A large class of examples of asymptotic expansions are convergent power series, like:
\[\exp(z) = 1 + z + {z^2\over2!} + {z^3\over3!} + \cdots\qquad (\left\lvert z\right\rvert\rightarrow0)\]But there could be asymptotic expansions that are not convergent power series. And with such asymptotic expansions, some curious things can happen:
- The series of the asymptotic expansion need not be convergent.
- If the series does converge, its sum need not be equal to \(f(x)\)
- It is even possible to have \(f(x)\) and \(\phi_j(x)\)’s such that the sum of the series does not have the series as its own asymptotic expansion!

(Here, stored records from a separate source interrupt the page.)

(* Let $Q$ be a non-degenerate convex quadrangle of perimeter $2$. Then its dual quadrangle $Q^\circ$ is also convex.
   Context: Identify $\mathbb{R}^2$ with $\mathbb{C}$. A quadrangle $Q=ABCD$ is an ordered 4-tuple of points $A,B,C,D\in\mathbb{C}$: $A$ is the first vertex and the order $A\to B\to C\to D\to A$ is the direction of traversal. Its edge vectors are $z_1=B-A$, $z_2=C-B$, $z_3=D-C$, $z_4=A-D$, so $z_1+z_2+z_3+z_4=0$; its perimeter is $|z_1|+|z_2|+|z_3|+|z_4|$. $Q$ is non-degenerate if each pair of consecutive edge vectors $(z_1,z_2),(z_2,z_3),(z_3,z_4),(z_4,z_1)$ consists of nonzero, non-collinear vectors. A non-degenerate quadrangle is self-intersecting if one of the pairs of opposite edges (segments $AB$ and $CD$, or $BC$ and $DA$) intersect; it is convex if it is not self-intersecting and all its interior angles are less than $\pi$; it is non-convex if it is neither self-intersecting nor convex. Associated plane: for a non-degenerate $Q$ of perimeter $2$, choose $u_1,\dots,u_4\in\mathbb{C}$ with $u_k^2=z_k$, where $u_1$ is an arbitrary square root of $z_1$ and for $k=1,2,3$ the sign of $u_{k+1}$ is chosen so that $\operatorname{Im}(\overline{u_k}u_{k+1})$ has the same sign as $\operatorname{Im}(\overline{z_k}z_{k+1})$. Write $u_k=a_k+i b_k$ and $\bar a=(a_1,a_2,a_3,a_4)$, $\bar b=(b_1,b_2,b_3,b_4)$; these are orthonormal in $\mathbb{R}^4$. Let $\Pi=\operatorname{span}(\bar a,\bar b)$ and $\Pi^\perp$ its orthogonal complement. Dual quadrangle: choose an orthonormal basis $(\bar c,\bar d)$ of $\Pi^\perp$, put $w_k=(c_k+i d_k)^2$; then $\sum_k w_k=0$ and $\sum_k|w_k|=2$. The dual quadrangle $Q^\circ=KLMN$ is the quadrangle with $L-K=w_1$, $M-L=w_2$, $N-M=w_3$, $K-N=w_4$. It is determined up to rotation, reflection and translation. *)

theory Defs
  imports "HOL-Analysis.Analysis"
begin

definition cross :: "complex \<Rightarrow> complex \<Rightarrow> real" where
  "cross z w = Im (cnj z * w)"

definition edge :: "complex \<Rightarrow> complex \<Rightarrow> complex \<Rightarrow> complex \<Rightarrow> nat \<Rightarrow> complex" where
  "edge A B C D k =
     (if k = 1 then B - A else if k = 2 then C - B else if k = 3 then D - C else A - D)"

definition nxt :: "nat \<Rightarrow> nat" where
  "nxt k = (if k = 4 then 1 else k + 1)"

definition perimeter :: "complex \<Rightarrow> complex \<Rightarrow> complex \<Rightarrow> complex \<Rightarrow> real" where
  "perimeter A B C D = (\<Sum>k\<in>{1..4}. cmod (edge A B C D k))"

definition nondegenerate :: "complex \<Rightarrow> complex \<Rightarrow> complex \<Rightarrow> complex \<Rightarrow> bool" where
  "nondegenerate A B C D \<longleftrightarrow>
     (\<forall>k\<in>{1..4}. edge A B C D k \<noteq> 0 \<and> edge A B C D (nxt k) \<noteq> 0 \<and>
                  cross (edge A B C D k) (edge A B C D (nxt k)) \<noteq> 0)"

definition self_intersecting :: "complex \<Rightarrow> complex \<Rightarrow> complex \<Rightarrow> complex \<Rightarrow> bool" where
  "self_intersecting A B C D \<longleftrightarrow> nondegenerate A B C D \<and>
     (closed_segment A B \<inter> closed_segment C D \<noteq> {} \<or>
      closed_segment B C \<inter> closed_segment D A \<noteq> {})"

text \<open>Signed (shoelace) area; positive iff the traversal is counterclockwise.\<close>
definition signed_area :: "complex \<Rightarrow> complex \<Rightarrow> complex \<Rightarrow> complex \<Rightarrow> real" where
  "signed_area A B C D = (cross A B + cross B C + cross C D + cross D A) / 2"

text \<open>Convex: non-degenerate, not self-intersecting, and every interior angle is less
  than pi, i.e. at every vertex the turn between consecutive edges has the same
  orientation as the (simple) polygon itself.\<close>
definition convex_quad :: "complex \<Rightarrow> complex \<Rightarrow> complex \<Rightarrow> complex \<Rightarrow> bool" where
  "convex_quad A B C D \<longleftrightarrow> nondegenerate A B C D \<and> \<not> self_intersecting A B C D \<and>
     (\<forall>k\<in>{1..4}. sgn (cross (edge A B C D k) (edge A B C D (nxt k)))
                  = sgn (signed_area A B C D))"

definition assoc_roots :: "complex \<Rightarrow> complex \<Rightarrow> complex \<Rightarrow> complex \<Rightarrow> (nat \<Rightarrow> complex) \<Rightarrow> bool" where
  "assoc_roots A B C D u \<longleftrightarrow>
     (\<forall>k\<in>{1..4}. (u k)\<^sup>2 = edge A B C D k) \<and>
     (\<forall>k\<in>{1..3}. sgn (cross (u k) (u (k + 1))) = sgn (cross (edge A B C D k) (edge A B C D (k + 1))))"

definition dot4 :: "(nat \<Rightarrow> real) \<Rightarrow> (nat \<Rightarrow> real) \<Rightarrow> real" where
  "dot4 x y = (\<Sum>k\<in>{1..4}. x k * y k)"

text \<open>(c, d) is an orthonormal basis of the orthogonal complement of span(a, b), where
  a = Re u, b = Im u (Pi-perp is 2-dimensional since a, b are orthonormal).\<close>
definition dual_basis :: "(nat \<Rightarrow> complex) \<Rightarrow> (nat \<Rightarrow> real) \<Rightarrow> (nat \<Rightarrow> real) \<Rightarrow> bool" where
  "dual_basis u c d \<longleftrightarrow>
     dot4 c (\<lambda>k. Re (u k)) = 0 \<and> dot4 c (\<lambda>k. Im (u k)) = 0 \<and>
     dot4 d (\<lambda>k. Re (u k)) = 0 \<and> dot4 d (\<lambda>k. Im (u k)) = 0 \<and>
     dot4 c c = 1 \<and> dot4 d d = 1 \<and> dot4 c d = 0"

definition dual_edge :: "(nat \<Rightarrow> real) \<Rightarrow> (nat \<Rightarrow> real) \<Rightarrow> nat \<Rightarrow> complex" where
  "dual_edge c d k = (Complex (c k) (d k))\<^sup>2"

end

theory Submission
  imports Defs
begin

text \<open>Write u_k = a_k + i b_k and omega_k = c_k + i d_k, so that the dual edges are omega_k^2
  and a, b, c, d are the rows of an orthogonal 4x4 matrix. The turn at a vertex of a quadrangle with
  edges u_k^2 is cross(u_k^2, u_l^2) = 2 Re(cnj u_k u_l) cross(u_k, u_l). Convexity and the sign
  convention for the roots force Re(cnj u_k u_(k+1)) > 0 for k = 1, 2, 3 but Re(cnj u_4 u_1) < 0.
  Orthogonality of the columns gives Re(cnj omega_k omega_l) = - Re(cnj u_k u_l) for k \<noteq> l, and
  Hodge duality between the planes span(a, b) and span(c, d) identifies cross(omega_k, omega_l) with
  +/- det * cross(u_m, u_n) for the complementary pair {m, n}. Substituting, each turn of the dual
  quadrangle is -S det times a positive number, where S is the orientation of the original one, so
  the dual quadrangle turns consistently and is therefore convex.\<close>

lemma sum_atLeastAtMost_1_4: "(\<Sum>k\<in>{1..4::nat}. f k) = f 1 + f 2 + f 3 + f 4"
proof -
  have "{1..4::nat} = {1,2,3,4}" by auto
  then show ?thesis by (simp add: add.assoc)
qed

lemma prod_atLeastAtMost_1_4: "(\<Prod>k\<in>{1..4::nat}. f k) = f 1 * f 2 * f 3 * f 4"
proof -
  have "{1..4::nat} = {1,2,3,4}" by auto
  then show ?thesis by (simp add: mult.assoc)
qed

lemma nxt_cases:
  "k \<in> {1..4} \<Longrightarrow>
    (k = 1 \<and> nxt k = 2) \<or> (k = 2 \<and> nxt k = 3) \<or> (k = 3 \<and> nxt k = 4) \<or> (k = 4 \<and> nxt k = 1)"
  by (auto simp: nxt_def)

lemma nxt_in_range: "k \<in> {1..4} \<Longrightarrow> nxt k \<in> {1..4}"
  by (auto simp: nxt_def)

lemma sgn_mult_self_pos: "(x::real) \<noteq> 0 \<Longrightarrow> sgn x * x > 0"
  by (cases "x > 0") auto

lemma sgn_eq_if_mult_pos: "t * x > 0 \<Longrightarrow> t * y > 0 \<Longrightarrow> sgn x = sgn (y::real)"
  by (auto simp: zero_less_mult_iff)

lemma pos_if_sgn_mult_eq_sgn_right:
  fixes x y :: real
  assumes "sgn (x * y) = sgn y" "x * y \<noteq> 0"
  shows "x > 0"
  using assms by (auto simp: sgn_mult sgn_real_def zero_less_mult_iff split: if_splits)

lemma cross_power2: "cross (u\<^sup>2) (v\<^sup>2) = 2 * Re (cnj u * v) * cross u v"
  by (simp add: cross_def power2_eq_square algebra_simps)

lemma cross_nonzero_if_turn: "t * cross z w > 0 \<Longrightarrow> z \<noteq> 0 \<and> w \<noteq> 0 \<and> cross z w \<noteq> 0"
  by (auto simp: cross_def)

lemma Im_mult_in_half_plane:
  fixes x y :: complex and s :: real
  assumes "Re x > 0" "Re y > 0" "s * Im x > 0" "s * Im y > 0"
  shows "s * Im (x * y) > 0"
proof -
  have "s * Im (x * y) = Re x * (s * Im y) + (s * Im x) * Re y" by (simp add: algebra_simps)
  then show ?thesis using assms by (simp add: add_pos_pos)
qed

lemma half_plane_mult_neq_pos_real:
  fixes x y :: complex and s r :: real
  assumes "s * Im x > 0" "s * Im y > 0" "r > 0"
  shows "x * y \<noteq> complex_of_real r"
proof
  assume xy: "x * y = complex_of_real r"
  have eq: "cnj x * complex_of_real r = complex_of_real ((cmod x)\<^sup>2) * y"
    unfolding xy[symmetric] complex_norm_square by (simp add: ac_simps)
  have "(cmod x)\<^sup>2 * Im y = Im (complex_of_real ((cmod x)\<^sup>2) * y)"
    by (simp del: of_real_power)
  also have "\<dots> = - r * Im x" unfolding eq[symmetric] by simp
  finally have "(cmod x)\<^sup>2 * (s * Im y) = - r * (s * Im x)" by (simp add: algebra_simps)
  moreover have "x \<noteq> 0" using assms(1) by auto
  then have "(cmod x)\<^sup>2 * (s * Im y) > 0" using assms(2) by simp
  moreover have "r * (s * Im x) > 0" using assms(1,3) by simp
  ultimately show False by linarith
qed

lemma quadrant_prod4_neq_pos_real:
  fixes w1 w2 w3 w4 :: complex and s r :: real
  assumes "Re w1 > 0" "Re w2 > 0" "Re w3 > 0" "Re w4 > 0"
    and "s * Im w1 > 0" "s * Im w2 > 0" "s * Im w3 > 0" "s * Im w4 > 0"
    and "r > 0"
  shows "w1 * w2 * w3 * w4 \<noteq> complex_of_real r"
  using half_plane_mult_neq_pos_real[OF Im_mult_in_half_plane Im_mult_in_half_plane \<open>r > 0\<close>] assms
  by (simp add: mult.assoc)

lemma closed_segments_disjoint_if_turns:
  fixes A B C D :: complex and t :: real
  assumes h1: "t * cross (B - A) (C - B) > 0" and h2: "t * cross (D - C) (A - D) > 0"
  shows "closed_segment A B \<inter> closed_segment C D = {}"
proof (rule ccontr)
  assume "closed_segment A B \<inter> closed_segment C D \<noteq> {}"
  then obtain x where "x \<in> closed_segment A B" "x \<in> closed_segment C D" by blast
  then obtain \<mu> \<nu> where \<mu>: "0 \<le> \<mu>" "x = (1 - \<mu>) *\<^sub>R A + \<mu> *\<^sub>R B"
    and \<nu>: "0 \<le> \<nu>" "x = (1 - \<nu>) *\<^sub>R C + \<nu> *\<^sub>R D"
    unfolding closed_segment_def by blast
  \<comment> \<open>f locates x relative to the diagonal AC: points of AB and of CD lie on opposite sides.\<close>
  define f where "f = t * cross (C - A) (x - A)"
  have f1: "f = - \<mu> * (t * cross (B - A) (C - B))"
    unfolding f_def \<mu>(2) by (simp add: cross_def scaleR_conv_of_real algebra_simps)
  have f2: "f = \<nu> * (t * cross (D - C) (A - D))"
    unfolding f_def \<nu>(2) by (simp add: cross_def scaleR_conv_of_real algebra_simps)
  have "f \<le> 0" unfolding f1 using \<mu>(1) h1 by simp
  moreover have "f \<ge> 0" unfolding f2 using \<nu>(1) h2 by simp
  ultimately have "f = 0" by simp
  then have "\<mu> = 0" "\<nu> = 0" using f1 f2 h1 h2 by auto
  then have "A = C" using \<mu> \<nu> by simp
  then show False using h1 by (simp add: cross_def algebra_simps)
qed

lemma convex_quad_iff_turns:
  "convex_quad A B C D \<longleftrightarrow>
     (\<exists>t. \<forall>k\<in>{1..4}. t * cross (edge A B C D k) (edge A B C D (nxt k)) > 0)"
proof
  assume cvx: "convex_quad A B C D"
  have "sgn (signed_area A B C D) * cross (edge A B C D k) (edge A B C D (nxt k)) > 0"
    if "k \<in> {1..4}" for k
  proof -
    have "cross (edge A B C D k) (edge A B C D (nxt k)) \<noteq> 0"
      using cvx that unfolding convex_quad_def nondegenerate_def by blast
    moreover have "sgn (cross (edge A B C D k) (edge A B C D (nxt k))) = sgn (signed_area A B C D)"
      using cvx that unfolding convex_quad_def by blast
    ultimately show ?thesis using sgn_mult_self_pos by metis
  qed
  then show "\<exists>t. \<forall>k\<in>{1..4}. t * cross (edge A B C D k) (edge A B C D (nxt k)) > 0" by blast
next
  assume "\<exists>t. \<forall>k\<in>{1..4}. t * cross (edge A B C D k) (edge A B C D (nxt k)) > 0"
  then obtain t
    where t: "\<And>k. k \<in> {1..4} \<Longrightarrow> t * cross (edge A B C D k) (edge A B C D (nxt k)) > 0"
    by blast
  have h1: "t * cross (B - A) (C - B) > 0" and h2: "t * cross (C - B) (D - C) > 0"
    and h3: "t * cross (D - C) (A - D) > 0" and h4: "t * cross (A - D) (B - A) > 0"
    using t[of 1] t[of 2] t[of 3] t[of 4] by (simp_all add: edge_def nxt_def)
  have "nondegenerate A B C D"
    unfolding nondegenerate_def using t cross_nonzero_if_turn by blast
  moreover have "\<not> self_intersecting A B C D"
    unfolding self_intersecting_def
    using closed_segments_disjoint_if_turns[OF h1 h3] closed_segments_disjoint_if_turns[OF h2 h4]
    by simp
  moreover have "sgn (cross (edge A B C D k) (edge A B C D (nxt k))) = sgn (signed_area A B C D)"
    if "k \<in> {1..4}" for k
  proof -
    have area: "signed_area A B C D = (cross (B - A) (C - B) + cross (D - C) (A - D)) / 2"
      unfolding signed_area_def by (simp add: cross_def algebra_simps)
    have "t * signed_area A B C D > 0" unfolding area using h1 h3 by (simp add: algebra_simps)
    then show ?thesis using t[OF that] sgn_eq_if_mult_pos by blast
  qed
  ultimately show "convex_quad A B C D" unfolding convex_quad_def by blast
qed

The essential reason for these seemingly strange facts, as de Bruijn explains, is:
… that convergence means something for some fixed \(x_0\) whereas the \(O\)-formulas are not concerned with \(x=x_0\), but with \(x\rightarrow\infty\). Convergence of the series, for all \(x > 0\), say, means that for every individual \(x\) there is a statement about the case \(n\rightarrow\infty\). On the other hand, the statement that the series is the asymptotic expansion of \(f(x)\) means that for every individual \(n\) there is a statement about the case \(x\rightarrow\infty\). For example, when \(f(x) = \int_1^x{e^t\over t}dt\) the asymptotic expansion of \(e^{-x}f(x)\) is \({1\over x} + {1!\over x^2}+ {2!\over x^3} + {3!\over x^4} + \ldots \quad (x\rightarrow\infty)\) but the series converges for no value of \(x\).
Conclusion
The book covers lots of useful stuff. In particular, It talks about Lagrange’s inversion formula (using which we can solve for the tree function), it has a especially thorough treatment of the saddle-point method. And much much more.